Cassius, I advise caution in saying that there would be any scientific discovery we would reject on the grounds that someone would use it to insert their god of the gaps. We are wisest to base knowledge on evidence, not worry about trying to get evidence to exclude religionists. No creator is needed for the various Big Bang scenarios, nor would one fit in. Unless, as I think Vic Stenger has said, the universe would be the same with or without said god's actions, ha ha!
If we go the direction of excluding explanations that fit observed data "on principle" instead of continuing to test those observations, then we will back ourselves into a sort of flat-earther corner if one of those explanations is correct.
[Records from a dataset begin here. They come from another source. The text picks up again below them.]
theorem mainTheorem17:
  fixes act :: "'a::monoid_mult \<Rightarrow> 'x::bounded_semilattice_inf_top \<Rightarrow> 'x"
    and Y :: "'x set"
  assumes act_one: "\<And>x. act 1 x = x"
    and act_mult: "\<And>s t x. act (s * t) x = act s (act t x)"
    and act_mono: "\<And>t e f. e \<le> f \<Longrightarrow> act t e \<le> act t f"
    and Y_sub: "\<And>e f. e \<in> Y \<Longrightarrow> f \<in> Y \<Longrightarrow> inf e f \<in> Y"
    and Y_id: "\<exists>i\<in>Y. \<forall>e\<in>Y. inf i e = e"
    and condA: "\<And>t e f. e \<in> Y \<Longrightarrow> f \<in> Y \<Longrightarrow> e \<le> f \<Longrightarrow> act t f \<in> Y \<Longrightarrow> act t e \<in> Y"
    and condB: "\<And>t. \<exists>g\<in>Y. act t g \<in> Y"
    and \<alpha>Q: "\<alpha> \<in> Qcar act Y"
    and \<beta>Q: "\<beta> \<in> Qcar act Y"
  shows "(\<alpha>, \<beta>) \<in> sigmaQ act Y \<longleftrightarrow> (\<alpha>, \<beta>) \<in> sigmaP act"
proof
  show "(\<alpha>, \<beta>) \<in> sigmaQ act Y \<Longrightarrow> (\<alpha>, \<beta>) \<in> sigmaP act"
    using sigmaQ_subset_sigmaP[where act = act and Y = Y] act_one by blast
next
  assume "(\<alpha>, \<beta>) \<in> sigmaP act"
  then show "(\<alpha>, \<beta>) \<in> sigmaQ act Y"
    using sigmaP_imp_sigmaQ[where act = act and Y = Y] assms by blast
qed

end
And we will attract mainly people who reject evidence in favor of ideology, eventually.
I feel extremely confident that the universe is material and without a basis for absolute ethics. There's really nothing in any of the current theories that would turn that upside down.
There is no way to _ever_ stop supernaturalists from misunderstanding or twisting evidence around. The New Agers do stuff like take Heisenberg's uncertainty principle as implying that we can stop the fires in Australia by concentrating on them at the same time. Or that because elements that compose our bodies are constantly interchanging with the environment-- as I think Dawkins said, there's a high chance that a glass of water today contains a molecule that once passed through Oliver Cromwell-- this proves we are all one person, tada!
That level of woo-woo ness is impossible to prevent, so it's a waste of time to even consider, IMO.